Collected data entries
----
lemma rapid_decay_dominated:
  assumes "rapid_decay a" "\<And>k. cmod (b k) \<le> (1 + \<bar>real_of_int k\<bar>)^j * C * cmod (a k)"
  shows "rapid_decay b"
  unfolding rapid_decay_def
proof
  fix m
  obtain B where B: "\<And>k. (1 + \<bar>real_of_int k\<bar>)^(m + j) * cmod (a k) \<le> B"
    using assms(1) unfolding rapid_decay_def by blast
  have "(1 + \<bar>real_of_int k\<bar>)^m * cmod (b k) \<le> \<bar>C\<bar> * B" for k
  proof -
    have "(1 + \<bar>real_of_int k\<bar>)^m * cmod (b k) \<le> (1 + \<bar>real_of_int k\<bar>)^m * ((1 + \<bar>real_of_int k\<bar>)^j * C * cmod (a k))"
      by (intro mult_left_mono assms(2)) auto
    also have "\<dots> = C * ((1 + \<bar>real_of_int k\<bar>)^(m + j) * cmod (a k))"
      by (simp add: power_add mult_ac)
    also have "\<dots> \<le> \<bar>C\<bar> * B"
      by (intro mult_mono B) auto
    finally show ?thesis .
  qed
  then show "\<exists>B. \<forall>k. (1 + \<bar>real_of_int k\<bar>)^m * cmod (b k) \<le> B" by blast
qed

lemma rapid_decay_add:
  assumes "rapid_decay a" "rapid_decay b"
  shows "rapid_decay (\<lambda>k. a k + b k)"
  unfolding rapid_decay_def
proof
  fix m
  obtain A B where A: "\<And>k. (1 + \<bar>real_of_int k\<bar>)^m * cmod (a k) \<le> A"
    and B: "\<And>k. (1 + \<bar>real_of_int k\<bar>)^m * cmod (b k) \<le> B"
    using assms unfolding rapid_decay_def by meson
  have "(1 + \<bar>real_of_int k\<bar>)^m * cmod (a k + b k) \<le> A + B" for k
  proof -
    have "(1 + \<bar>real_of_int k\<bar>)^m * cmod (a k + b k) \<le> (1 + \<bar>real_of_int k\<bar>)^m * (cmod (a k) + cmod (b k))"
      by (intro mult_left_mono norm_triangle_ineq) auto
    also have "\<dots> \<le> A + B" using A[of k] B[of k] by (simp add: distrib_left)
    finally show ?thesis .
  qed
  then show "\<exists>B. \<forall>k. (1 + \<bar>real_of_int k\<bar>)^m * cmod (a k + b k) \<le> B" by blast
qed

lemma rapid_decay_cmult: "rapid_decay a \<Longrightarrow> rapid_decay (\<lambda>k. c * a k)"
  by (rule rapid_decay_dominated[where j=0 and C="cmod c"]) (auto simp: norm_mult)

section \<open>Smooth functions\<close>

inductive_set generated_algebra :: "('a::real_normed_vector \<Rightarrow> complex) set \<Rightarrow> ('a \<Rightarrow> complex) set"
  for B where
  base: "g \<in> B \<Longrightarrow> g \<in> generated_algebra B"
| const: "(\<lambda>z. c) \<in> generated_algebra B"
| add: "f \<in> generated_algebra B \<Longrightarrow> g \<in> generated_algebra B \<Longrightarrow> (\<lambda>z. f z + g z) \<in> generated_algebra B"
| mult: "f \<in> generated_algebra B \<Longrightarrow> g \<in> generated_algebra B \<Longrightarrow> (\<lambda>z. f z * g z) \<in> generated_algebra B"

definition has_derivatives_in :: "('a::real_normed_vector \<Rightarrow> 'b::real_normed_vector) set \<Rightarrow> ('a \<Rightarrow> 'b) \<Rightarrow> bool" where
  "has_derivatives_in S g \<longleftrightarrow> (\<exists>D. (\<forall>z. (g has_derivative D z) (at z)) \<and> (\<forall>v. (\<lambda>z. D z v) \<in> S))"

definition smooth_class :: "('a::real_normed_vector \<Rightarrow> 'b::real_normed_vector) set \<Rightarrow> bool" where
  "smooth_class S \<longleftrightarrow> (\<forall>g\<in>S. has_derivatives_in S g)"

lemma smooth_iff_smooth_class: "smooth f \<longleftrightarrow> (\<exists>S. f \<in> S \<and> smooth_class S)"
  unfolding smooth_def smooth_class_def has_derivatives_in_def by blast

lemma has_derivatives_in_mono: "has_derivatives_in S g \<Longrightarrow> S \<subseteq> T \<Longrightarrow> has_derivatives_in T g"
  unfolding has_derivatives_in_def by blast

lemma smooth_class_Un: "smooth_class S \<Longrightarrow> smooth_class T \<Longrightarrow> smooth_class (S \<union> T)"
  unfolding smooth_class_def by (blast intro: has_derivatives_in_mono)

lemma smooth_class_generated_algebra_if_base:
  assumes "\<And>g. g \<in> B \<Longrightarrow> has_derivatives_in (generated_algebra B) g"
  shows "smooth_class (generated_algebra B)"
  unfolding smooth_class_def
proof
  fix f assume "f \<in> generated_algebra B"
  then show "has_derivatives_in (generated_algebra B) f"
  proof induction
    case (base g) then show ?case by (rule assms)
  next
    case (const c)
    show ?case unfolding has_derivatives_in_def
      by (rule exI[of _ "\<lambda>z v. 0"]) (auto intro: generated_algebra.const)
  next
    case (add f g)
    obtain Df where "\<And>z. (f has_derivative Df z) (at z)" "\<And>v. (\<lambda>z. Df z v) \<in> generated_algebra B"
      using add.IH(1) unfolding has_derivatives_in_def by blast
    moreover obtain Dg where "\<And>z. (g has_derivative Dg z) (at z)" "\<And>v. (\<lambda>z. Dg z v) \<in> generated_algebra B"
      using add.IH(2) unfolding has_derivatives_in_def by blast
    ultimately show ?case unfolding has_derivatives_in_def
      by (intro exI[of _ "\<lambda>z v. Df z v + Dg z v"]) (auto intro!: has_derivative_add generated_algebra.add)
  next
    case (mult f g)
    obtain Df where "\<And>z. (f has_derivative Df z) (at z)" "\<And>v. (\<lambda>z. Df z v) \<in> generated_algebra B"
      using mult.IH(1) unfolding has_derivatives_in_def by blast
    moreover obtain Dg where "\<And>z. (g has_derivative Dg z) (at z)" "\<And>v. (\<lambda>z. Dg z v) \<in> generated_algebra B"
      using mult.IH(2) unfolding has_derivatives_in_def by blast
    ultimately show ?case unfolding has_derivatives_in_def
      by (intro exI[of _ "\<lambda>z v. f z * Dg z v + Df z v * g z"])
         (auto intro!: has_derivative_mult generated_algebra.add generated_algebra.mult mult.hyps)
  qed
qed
----
■ **Exercise prompt**: When the entries above are retyped, each line must stay exactly as it is.

■ **Answer space**:
lemma rapid_decay_dominated:
  assumes "rapid_decay a" "\<And>k. cmod (b k) \<le> (1 + \<bar>real_of_int k\<bar>)^j * C * cmod (a k)"
  shows "rapid_decay b"
  unfolding rapid_decay_def
proof
  fix m
  obtain B where B: "\<And>k. (1 + \<bar>real_of_int k\<bar>)^(m + j) * cmod (a k) \<le> B"
    using assms(1) unfolding rapid_decay_def by blast
  have "(1 + \<bar>real_of_int k\<bar>)^m * cmod (b k) \<le> \<bar>C\<bar> * B" for k
  proof -
    have "(1 + \<bar>real_of_int k\<bar>)^m * cmod (b k) \<le> (1 + \<bar>real_of_int k\<bar>)^m * ((1 + \<bar>real_of_int k\<bar>)^j * C * cmod (a k))"
      by (intro mult_left_mono assms(2)) auto
    also have "\<dots> = C * ((1 + \<bar>real_of_int k\<bar>)^(m + j) * cmod (a k))"
      by (simp add: power_add mult_ac)
    also have "\<dots> \<le> \<bar>C\<bar> * B"
      by (intro mult_mono B) auto
    finally show ?thesis .
  qed
  then show "\<exists>B. \<forall>k. (1 + \<bar>real_of_int k\<bar>)^m * cmod (b k) \<le> B" by blast
qed

lemma rapid_decay_add:
  assumes "rapid_decay a" "rapid_decay b"
  shows "rapid_decay (\<lambda>k. a k + b k)"
  unfolding rapid_decay_def
proof
  fix m
  obtain A B where A: "\<And>k. (1 + \<bar>real_of_int k\<bar>)^m * cmod (a k) \<le> A"
    and B: "\<And>k. (1 + \<bar>real_of_int k\<bar>)^m * cmod (b k) \<le> B"
    using assms unfolding rapid_decay_def by meson
  have "(1 + \<bar>real_of_int k\<bar>)^m * cmod (a k + b k) \<le> A + B" for k
  proof -
    have "(1 + \<bar>real_of_int k\<bar>)^m * cmod (a k + b k) \<le> (1 + \<bar>real_of_int k\<bar>)^m * (cmod (a k) + cmod (b k))"
      by (intro mult_left_mono norm_triangle_ineq) auto
    also have "\<dots> \<le> A + B" using A[of k] B[of k] by (simp add: distrib_left)
    finally show ?thesis .
  qed
  then show "\<exists>B. \<forall>k. (1 + \<bar>real_of_int k\<bar>)^m * cmod (a k + b k) \<le> B" by blast
qed

lemma rapid_decay_cmult: "rapid_decay a \<Longrightarrow> rapid_decay (\<lambda>k. c * a k)"
  by (rule rapid_decay_dominated[where j=0 and C="cmod c"]) (auto simp: norm_mult)

section \<open>Smooth functions\<close>

inductive_set generated_algebra :: "('a::real_normed_vector \<Rightarrow> complex) set \<Rightarrow> ('a \<Rightarrow> complex) set"
  for B where
  base: "g \<in> B \<Longrightarrow> g \<in> generated_algebra B"
| const: "(\<lambda>z. c) \<in> generated_algebra B"
| add: "f \<in> generated_algebra B \<Longrightarrow> g \<in> generated_algebra B \<Longrightarrow> (\<lambda>z. f z + g z) \<in> generated_algebra B"
| mult: "f \<in> generated_algebra B \<Longrightarrow> g \<in> generated_algebra B \<Longrightarrow> (\<lambda>z. f z * g z) \<in> generated_algebra B"

definition has_derivatives_in :: "('a::real_normed_vector \<Rightarrow> 'b::real_normed_vector) set \<Rightarrow> ('a \<Rightarrow> 'b) \<Rightarrow> bool" where
  "has_derivatives_in S g \<longleftrightarrow> (\<exists>D. (\<forall>z. (g has_derivative D z) (at z)) \<and> (\<forall>v. (\<lambda>z. D z v) \<in> S))"

definition smooth_class :: "('a::real_normed_vector \<Rightarrow> 'b::real_normed_vector) set \<Rightarrow> bool" where
  "smooth_class S \<longleftrightarrow> (\<forall>g\<in>S. has_derivatives_in S g)"

lemma smooth_iff_smooth_class: "smooth f \<longleftrightarrow> (\<exists>S. f \<in> S \<and> smooth_class S)"
  unfolding smooth_def smooth_class_def has_derivatives_in_def by blast

lemma has_derivatives_in_mono: "has_derivatives_in S g \<Longrightarrow> S \<subseteq> T \<Longrightarrow> has_derivatives_in T g"
  unfolding has_derivatives_in_def by blast

lemma smooth_class_Un: "smooth_class S \<Longrightarrow> smooth_class T \<Longrightarrow> smooth_class (S \<union> T)"
  unfolding smooth_class_def by (blast intro: has_derivatives_in_mono)

lemma smooth_class_generated_algebra_if_base:
  assumes "\<And>g. g \<in> B \<Longrightarrow> has_derivatives_in (generated_algebra B) g"
  shows "smooth_class (generated_algebra B)"
  unfolding smooth_class_def
proof
  fix f assume "f \<in> generated_algebra B"
  then show "has_derivatives_in (generated_algebra B) f"
  proof induction
    case (base g) then show ?case by (rule assms)
  next
    case (const c)
    show ?case unfolding has_derivatives_in_def
      by (rule exI[of _ "\<lambda>z v. 0"]) (auto intro: generated_algebra.const)
  next
    case (add f g)
    obtain Df where "\<And>z. (f has_derivative Df z) (at z)" "\<And>v. (\<lambda>z. Df z v) \<in> generated_algebra B"
      using add.IH(1) unfolding has_derivatives_in_def by blast
    moreover obtain Dg where "\<And>z. (g has_derivative Dg z) (at z)" "\<And>v. (\<lambda>z. Dg z v) \<in> generated_algebra B"
      using add.IH(2) unfolding has_derivatives_in_def by blast
    ultimately show ?case unfolding has_derivatives_in_def
      by (intro exI[of _ "\<lambda>z v. Df z v + Dg z v"]) (auto intro!: has_derivative_add generated_algebra.add)
  next
    case (mult f g)
    obtain Df where "\<And>z. (f has_derivative Df z) (at z)" "\<And>v. (\<lambda>z. Df z v) \<in> generated_algebra B"
      using mult.IH(1) unfolding has_derivatives_in_def by blast
    moreover obtain Dg where "\<And>z. (g has_derivative Dg z) (at z)" "\<And>v. (\<lambda>z. Dg z v) \<in> generated_algebra B"
      using mult.IH(2) unfolding has_derivatives_in_def by blast
    ultimately show ?case unfolding has_derivatives_in_def
      by (intro exI[of _ "\<lambda>z v. f z * Dg z v + Df z v * g z"])
         (auto intro!: has_derivative_mult generated_algebra.add generated_algebra.mult mult.hyps)
  qed
qed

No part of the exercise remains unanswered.